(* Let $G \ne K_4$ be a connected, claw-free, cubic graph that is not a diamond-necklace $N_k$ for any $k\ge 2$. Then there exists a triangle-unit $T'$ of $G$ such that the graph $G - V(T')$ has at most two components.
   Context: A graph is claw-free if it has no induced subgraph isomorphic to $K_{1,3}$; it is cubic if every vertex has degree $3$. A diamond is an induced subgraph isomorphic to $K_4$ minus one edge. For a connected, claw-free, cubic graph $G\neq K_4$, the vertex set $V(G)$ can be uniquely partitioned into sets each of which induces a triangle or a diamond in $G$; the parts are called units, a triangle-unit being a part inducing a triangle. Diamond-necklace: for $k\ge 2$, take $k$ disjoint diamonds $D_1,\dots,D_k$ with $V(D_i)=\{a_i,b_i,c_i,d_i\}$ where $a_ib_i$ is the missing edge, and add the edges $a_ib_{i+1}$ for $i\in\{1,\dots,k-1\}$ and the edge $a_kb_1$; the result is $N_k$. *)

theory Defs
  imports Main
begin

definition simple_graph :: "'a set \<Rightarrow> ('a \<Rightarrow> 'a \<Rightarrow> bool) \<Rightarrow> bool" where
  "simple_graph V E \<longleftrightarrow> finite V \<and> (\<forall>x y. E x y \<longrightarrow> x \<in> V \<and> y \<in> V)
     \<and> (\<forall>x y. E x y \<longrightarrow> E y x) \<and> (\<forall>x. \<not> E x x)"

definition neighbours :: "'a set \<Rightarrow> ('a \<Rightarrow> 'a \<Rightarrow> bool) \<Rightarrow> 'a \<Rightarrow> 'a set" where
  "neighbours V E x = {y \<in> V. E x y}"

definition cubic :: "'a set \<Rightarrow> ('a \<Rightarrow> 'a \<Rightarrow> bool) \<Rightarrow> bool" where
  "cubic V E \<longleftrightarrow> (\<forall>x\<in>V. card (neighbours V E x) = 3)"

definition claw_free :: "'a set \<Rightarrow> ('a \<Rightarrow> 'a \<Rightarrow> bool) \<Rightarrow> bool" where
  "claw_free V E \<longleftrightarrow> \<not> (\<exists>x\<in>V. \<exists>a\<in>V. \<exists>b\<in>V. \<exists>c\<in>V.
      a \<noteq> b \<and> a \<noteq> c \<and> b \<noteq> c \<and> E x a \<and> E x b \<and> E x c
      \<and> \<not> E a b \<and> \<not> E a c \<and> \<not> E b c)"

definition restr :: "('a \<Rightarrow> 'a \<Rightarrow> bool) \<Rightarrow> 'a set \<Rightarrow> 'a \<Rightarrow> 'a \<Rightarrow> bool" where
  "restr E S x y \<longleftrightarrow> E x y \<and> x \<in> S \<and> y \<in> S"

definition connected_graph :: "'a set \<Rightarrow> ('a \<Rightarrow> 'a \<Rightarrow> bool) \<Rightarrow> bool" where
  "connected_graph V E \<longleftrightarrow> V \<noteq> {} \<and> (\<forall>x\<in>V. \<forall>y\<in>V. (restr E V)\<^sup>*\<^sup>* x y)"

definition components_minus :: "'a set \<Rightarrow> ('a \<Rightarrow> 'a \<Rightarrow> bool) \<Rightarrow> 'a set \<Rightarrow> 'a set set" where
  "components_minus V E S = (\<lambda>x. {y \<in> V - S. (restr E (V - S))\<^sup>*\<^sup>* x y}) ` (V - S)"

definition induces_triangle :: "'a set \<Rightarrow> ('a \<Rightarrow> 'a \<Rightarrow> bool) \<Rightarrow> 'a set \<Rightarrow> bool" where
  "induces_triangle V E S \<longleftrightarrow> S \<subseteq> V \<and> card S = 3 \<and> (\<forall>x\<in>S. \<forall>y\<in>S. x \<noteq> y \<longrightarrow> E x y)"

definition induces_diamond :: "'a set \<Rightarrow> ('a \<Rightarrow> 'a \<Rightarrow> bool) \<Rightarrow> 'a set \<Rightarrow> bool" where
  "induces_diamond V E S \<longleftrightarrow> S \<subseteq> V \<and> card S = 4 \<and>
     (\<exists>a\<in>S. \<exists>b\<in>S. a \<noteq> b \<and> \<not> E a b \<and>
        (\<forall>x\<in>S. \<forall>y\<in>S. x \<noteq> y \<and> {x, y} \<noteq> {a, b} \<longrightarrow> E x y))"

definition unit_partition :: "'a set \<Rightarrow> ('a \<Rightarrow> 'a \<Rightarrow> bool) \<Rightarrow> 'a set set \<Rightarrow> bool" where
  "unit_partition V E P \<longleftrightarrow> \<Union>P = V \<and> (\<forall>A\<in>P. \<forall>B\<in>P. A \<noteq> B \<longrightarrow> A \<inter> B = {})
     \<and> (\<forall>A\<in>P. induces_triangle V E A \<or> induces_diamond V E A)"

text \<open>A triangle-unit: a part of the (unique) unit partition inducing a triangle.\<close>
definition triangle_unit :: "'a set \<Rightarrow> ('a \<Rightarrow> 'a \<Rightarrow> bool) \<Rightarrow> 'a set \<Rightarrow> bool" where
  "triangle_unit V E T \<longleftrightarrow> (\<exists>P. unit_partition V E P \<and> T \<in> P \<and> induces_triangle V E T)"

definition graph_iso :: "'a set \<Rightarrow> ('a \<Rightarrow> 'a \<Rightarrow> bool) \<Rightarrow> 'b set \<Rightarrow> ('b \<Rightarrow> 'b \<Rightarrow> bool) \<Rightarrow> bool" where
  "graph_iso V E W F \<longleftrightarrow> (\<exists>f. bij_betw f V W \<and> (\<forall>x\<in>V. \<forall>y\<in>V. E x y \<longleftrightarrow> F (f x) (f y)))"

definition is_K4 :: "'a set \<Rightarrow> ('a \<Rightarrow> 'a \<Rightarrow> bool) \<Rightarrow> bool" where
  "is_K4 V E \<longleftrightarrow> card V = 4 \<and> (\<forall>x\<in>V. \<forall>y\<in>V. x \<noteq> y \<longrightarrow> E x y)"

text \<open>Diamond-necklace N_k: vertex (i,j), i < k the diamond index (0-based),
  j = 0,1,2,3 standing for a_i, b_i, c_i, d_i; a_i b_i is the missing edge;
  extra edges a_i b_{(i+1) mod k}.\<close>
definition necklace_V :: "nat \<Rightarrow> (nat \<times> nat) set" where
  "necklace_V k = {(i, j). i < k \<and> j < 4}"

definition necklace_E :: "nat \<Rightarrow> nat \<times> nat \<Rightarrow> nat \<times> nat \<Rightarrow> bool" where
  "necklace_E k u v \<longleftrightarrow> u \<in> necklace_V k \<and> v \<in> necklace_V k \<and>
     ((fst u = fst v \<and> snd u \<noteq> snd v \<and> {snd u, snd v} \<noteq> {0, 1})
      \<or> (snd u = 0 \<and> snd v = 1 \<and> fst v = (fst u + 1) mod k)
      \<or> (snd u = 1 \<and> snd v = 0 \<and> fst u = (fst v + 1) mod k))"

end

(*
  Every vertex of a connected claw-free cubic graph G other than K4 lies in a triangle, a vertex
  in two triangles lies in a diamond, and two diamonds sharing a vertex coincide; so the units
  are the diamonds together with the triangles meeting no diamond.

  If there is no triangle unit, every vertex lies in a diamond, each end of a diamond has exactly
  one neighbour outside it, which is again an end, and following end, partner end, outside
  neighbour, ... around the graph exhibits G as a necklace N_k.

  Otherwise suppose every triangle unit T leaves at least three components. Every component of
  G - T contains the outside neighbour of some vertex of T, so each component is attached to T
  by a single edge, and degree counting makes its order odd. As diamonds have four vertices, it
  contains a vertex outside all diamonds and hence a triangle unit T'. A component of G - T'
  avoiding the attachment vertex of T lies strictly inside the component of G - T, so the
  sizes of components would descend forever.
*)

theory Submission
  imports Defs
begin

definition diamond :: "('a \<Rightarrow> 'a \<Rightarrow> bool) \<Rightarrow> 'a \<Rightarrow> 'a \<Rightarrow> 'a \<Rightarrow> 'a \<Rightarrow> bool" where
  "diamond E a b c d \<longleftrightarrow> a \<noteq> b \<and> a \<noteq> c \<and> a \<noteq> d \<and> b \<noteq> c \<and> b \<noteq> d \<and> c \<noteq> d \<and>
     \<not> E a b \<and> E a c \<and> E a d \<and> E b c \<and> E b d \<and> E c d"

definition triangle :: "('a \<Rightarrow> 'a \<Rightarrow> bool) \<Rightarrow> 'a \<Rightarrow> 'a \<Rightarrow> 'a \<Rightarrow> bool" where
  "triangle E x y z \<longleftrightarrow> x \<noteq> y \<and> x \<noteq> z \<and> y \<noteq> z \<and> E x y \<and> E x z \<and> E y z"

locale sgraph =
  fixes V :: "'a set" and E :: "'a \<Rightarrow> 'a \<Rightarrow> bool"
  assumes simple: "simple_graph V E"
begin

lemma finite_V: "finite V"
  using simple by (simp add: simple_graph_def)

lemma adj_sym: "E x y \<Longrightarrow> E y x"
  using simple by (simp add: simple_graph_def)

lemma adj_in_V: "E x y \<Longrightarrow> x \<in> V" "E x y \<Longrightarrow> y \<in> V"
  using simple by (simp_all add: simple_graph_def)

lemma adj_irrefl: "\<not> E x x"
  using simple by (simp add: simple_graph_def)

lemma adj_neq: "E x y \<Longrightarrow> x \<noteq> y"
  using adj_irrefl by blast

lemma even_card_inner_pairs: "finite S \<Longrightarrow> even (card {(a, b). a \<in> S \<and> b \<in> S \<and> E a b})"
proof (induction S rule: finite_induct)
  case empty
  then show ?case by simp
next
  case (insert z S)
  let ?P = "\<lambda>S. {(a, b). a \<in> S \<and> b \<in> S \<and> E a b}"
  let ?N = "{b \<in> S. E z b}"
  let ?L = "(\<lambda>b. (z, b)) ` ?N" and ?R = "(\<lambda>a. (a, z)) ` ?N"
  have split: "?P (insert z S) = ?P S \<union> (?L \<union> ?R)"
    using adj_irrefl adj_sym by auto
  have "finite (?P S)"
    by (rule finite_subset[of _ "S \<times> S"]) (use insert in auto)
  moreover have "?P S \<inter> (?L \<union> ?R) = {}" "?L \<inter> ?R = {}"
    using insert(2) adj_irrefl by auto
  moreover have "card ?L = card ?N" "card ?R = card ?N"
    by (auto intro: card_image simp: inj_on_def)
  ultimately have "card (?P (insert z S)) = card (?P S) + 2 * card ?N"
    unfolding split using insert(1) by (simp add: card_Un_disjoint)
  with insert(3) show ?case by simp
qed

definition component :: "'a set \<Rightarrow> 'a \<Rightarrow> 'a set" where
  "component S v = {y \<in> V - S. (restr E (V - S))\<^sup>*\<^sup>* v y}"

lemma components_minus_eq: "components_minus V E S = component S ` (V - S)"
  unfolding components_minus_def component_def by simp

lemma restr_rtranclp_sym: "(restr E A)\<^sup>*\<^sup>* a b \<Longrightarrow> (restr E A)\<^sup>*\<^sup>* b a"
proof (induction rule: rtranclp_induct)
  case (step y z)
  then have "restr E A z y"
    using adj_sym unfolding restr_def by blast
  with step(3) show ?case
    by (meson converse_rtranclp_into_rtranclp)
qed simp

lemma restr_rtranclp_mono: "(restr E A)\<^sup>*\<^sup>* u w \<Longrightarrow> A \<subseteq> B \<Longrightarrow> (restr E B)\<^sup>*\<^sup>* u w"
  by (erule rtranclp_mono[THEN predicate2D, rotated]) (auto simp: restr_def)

=-=-=-=-=

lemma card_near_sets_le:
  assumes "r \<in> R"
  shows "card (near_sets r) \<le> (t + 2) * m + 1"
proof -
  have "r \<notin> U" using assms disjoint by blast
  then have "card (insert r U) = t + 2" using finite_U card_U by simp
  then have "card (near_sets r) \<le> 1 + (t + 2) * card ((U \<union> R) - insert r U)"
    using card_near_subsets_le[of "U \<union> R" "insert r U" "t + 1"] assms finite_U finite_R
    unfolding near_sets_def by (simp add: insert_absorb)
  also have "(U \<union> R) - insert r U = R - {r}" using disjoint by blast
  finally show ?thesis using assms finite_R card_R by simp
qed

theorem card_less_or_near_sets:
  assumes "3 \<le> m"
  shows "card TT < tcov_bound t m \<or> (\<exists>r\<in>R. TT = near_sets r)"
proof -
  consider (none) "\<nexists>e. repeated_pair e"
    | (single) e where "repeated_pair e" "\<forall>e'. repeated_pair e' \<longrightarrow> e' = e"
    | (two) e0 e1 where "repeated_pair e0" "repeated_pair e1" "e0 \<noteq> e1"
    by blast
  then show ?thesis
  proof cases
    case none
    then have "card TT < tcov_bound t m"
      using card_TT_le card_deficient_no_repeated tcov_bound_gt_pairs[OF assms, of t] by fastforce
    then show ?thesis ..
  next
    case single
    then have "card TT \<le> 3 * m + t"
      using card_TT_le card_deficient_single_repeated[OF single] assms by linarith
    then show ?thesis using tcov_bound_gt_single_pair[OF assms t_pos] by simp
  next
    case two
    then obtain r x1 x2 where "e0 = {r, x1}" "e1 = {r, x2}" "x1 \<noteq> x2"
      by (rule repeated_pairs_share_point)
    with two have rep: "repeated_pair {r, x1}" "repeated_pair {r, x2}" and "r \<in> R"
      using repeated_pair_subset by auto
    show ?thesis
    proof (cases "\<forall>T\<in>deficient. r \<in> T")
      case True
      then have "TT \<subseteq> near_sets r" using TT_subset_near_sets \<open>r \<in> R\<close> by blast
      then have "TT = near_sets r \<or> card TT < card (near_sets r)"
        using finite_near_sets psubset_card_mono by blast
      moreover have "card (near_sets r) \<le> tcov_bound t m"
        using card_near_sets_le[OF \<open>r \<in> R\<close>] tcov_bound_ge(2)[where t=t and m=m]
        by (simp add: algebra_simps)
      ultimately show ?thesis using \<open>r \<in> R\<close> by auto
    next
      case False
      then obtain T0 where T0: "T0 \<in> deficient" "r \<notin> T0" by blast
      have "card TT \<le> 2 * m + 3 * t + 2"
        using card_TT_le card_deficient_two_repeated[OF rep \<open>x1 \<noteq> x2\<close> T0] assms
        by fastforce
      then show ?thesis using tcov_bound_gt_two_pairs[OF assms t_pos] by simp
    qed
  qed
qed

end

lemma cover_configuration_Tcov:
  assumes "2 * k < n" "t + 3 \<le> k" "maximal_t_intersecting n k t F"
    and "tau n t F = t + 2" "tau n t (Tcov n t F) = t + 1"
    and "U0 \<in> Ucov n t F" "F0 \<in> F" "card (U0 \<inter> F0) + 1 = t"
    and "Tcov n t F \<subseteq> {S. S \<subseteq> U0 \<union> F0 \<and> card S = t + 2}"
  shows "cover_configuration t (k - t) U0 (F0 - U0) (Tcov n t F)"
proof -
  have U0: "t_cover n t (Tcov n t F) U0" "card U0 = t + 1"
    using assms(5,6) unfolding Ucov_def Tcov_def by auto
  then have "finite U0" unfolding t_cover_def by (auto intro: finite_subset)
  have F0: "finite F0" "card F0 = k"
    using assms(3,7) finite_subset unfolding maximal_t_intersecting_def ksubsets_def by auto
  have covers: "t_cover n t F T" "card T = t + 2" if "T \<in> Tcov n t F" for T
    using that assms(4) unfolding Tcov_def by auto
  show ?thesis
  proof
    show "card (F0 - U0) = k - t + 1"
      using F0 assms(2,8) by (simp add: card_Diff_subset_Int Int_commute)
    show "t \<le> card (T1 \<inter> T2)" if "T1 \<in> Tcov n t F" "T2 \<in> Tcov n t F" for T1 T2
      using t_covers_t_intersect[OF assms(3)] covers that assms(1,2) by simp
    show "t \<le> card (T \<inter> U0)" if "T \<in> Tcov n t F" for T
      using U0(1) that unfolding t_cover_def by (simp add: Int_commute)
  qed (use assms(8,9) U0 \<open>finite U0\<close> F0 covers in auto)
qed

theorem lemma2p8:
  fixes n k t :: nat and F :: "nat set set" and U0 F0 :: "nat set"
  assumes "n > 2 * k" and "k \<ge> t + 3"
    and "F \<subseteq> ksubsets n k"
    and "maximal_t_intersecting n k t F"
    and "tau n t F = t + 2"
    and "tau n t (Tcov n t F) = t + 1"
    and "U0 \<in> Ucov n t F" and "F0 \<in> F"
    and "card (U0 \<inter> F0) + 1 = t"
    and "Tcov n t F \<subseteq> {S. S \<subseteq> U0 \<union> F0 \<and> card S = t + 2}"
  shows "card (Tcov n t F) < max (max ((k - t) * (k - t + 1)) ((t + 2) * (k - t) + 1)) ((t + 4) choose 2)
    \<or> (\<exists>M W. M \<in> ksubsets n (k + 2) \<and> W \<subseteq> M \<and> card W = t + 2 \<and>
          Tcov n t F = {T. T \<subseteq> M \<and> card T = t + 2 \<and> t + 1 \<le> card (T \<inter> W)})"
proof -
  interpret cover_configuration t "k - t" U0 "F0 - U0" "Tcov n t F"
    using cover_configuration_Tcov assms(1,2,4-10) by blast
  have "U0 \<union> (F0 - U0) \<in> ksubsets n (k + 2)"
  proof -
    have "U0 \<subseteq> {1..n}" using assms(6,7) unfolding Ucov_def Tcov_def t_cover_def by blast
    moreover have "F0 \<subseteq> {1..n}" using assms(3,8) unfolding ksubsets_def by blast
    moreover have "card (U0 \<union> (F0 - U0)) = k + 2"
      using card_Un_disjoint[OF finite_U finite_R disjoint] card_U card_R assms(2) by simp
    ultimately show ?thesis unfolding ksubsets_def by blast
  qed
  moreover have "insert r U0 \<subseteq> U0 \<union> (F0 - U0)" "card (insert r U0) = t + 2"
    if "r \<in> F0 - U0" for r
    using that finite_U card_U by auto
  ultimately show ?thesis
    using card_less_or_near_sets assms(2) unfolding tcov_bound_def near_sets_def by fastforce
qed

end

=-=-=-=-=

• **What to do**:
Please copy, exactly and with nothing else, the lines above beginning at the line that has "i < k \<and>" and ending with the line that has "u + 1) mod k)".

• **Written response**:
  "necklace_V k = {(i, j). i < k \<and> j < 4}"

definition necklace_E :: "nat \<Rightarrow> nat \<times> nat \<Rightarrow> nat \<times> nat \<Rightarrow> bool" where
  "necklace_E k u v \<longleftrightarrow> u \<in> necklace_V k \<and> v \<in> necklace_V k \<and>
     ((fst u = fst v \<and> snd u \<noteq> snd v \<and> {snd u, snd v} \<noteq> {0, 1})
      \<or> (snd u = 0 \<and> snd v = 1 \<and> fst v = (fst u + 1) mod k)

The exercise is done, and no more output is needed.